▸ **Work instructions**:
Copy each line of the material in which the word "auto" appears.

(Records to use Opens)

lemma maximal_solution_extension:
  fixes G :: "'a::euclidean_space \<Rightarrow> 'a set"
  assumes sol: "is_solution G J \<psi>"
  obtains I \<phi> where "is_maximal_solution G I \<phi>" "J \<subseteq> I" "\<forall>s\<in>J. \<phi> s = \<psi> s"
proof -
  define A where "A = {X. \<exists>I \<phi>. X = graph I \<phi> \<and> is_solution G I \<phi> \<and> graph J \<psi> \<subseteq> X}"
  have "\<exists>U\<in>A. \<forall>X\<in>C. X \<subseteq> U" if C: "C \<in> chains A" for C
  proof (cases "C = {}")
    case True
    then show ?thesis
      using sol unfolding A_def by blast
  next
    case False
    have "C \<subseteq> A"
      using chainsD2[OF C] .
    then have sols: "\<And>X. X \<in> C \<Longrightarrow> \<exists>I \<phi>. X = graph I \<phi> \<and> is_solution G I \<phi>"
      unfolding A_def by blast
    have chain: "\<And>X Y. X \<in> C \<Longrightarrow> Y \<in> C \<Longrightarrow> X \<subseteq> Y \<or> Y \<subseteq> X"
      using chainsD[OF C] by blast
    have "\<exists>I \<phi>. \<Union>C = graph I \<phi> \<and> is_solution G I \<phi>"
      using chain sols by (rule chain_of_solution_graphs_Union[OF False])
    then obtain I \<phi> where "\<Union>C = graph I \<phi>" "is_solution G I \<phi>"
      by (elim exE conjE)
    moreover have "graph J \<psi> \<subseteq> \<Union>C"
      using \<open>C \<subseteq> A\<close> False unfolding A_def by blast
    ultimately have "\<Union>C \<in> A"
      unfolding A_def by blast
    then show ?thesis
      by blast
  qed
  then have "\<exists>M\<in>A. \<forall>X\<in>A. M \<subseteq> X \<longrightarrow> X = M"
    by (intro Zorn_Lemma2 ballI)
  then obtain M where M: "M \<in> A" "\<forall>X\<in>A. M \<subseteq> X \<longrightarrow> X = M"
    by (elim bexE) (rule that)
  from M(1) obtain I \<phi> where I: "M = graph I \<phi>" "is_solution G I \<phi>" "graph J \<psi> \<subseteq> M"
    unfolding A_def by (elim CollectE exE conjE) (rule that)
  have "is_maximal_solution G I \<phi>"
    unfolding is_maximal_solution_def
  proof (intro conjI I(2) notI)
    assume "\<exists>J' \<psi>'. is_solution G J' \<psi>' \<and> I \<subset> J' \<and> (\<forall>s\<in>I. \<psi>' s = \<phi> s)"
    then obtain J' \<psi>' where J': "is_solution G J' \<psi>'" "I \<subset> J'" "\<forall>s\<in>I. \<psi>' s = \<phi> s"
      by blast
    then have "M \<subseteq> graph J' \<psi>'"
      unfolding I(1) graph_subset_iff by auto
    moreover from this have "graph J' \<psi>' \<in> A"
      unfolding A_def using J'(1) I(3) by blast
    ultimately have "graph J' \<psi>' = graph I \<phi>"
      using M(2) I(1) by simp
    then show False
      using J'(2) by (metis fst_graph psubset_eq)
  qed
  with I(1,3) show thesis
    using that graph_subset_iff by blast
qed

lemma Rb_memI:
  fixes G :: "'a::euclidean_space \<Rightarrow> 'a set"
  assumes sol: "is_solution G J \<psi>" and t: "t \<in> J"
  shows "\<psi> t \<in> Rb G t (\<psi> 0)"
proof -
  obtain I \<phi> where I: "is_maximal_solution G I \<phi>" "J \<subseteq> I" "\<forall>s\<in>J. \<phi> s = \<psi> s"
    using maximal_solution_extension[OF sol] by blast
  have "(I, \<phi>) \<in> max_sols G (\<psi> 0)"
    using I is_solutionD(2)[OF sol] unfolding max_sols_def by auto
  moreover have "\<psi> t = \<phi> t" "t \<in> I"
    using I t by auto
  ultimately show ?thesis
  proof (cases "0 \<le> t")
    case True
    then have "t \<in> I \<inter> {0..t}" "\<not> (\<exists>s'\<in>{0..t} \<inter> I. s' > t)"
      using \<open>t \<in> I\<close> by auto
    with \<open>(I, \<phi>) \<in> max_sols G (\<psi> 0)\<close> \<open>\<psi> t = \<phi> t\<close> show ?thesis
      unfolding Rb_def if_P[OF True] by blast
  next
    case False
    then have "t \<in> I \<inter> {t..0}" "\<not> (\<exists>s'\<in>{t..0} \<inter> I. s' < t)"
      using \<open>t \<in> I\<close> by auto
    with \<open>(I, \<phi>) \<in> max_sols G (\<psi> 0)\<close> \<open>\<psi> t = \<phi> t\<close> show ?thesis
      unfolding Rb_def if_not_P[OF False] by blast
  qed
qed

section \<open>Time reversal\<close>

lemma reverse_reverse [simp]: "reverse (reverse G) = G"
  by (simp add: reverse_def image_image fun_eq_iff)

(Records to use Closes)

▸ **The answer**:
      unfolding I(1) graph_subset_iff by auto
    using I is_solutionD(2)[OF sol] unfolding max_sols_def by auto
    using I t by auto
      using \<open>t \<in> I\<close> by auto
      using \<open>t \<in> I\<close> by auto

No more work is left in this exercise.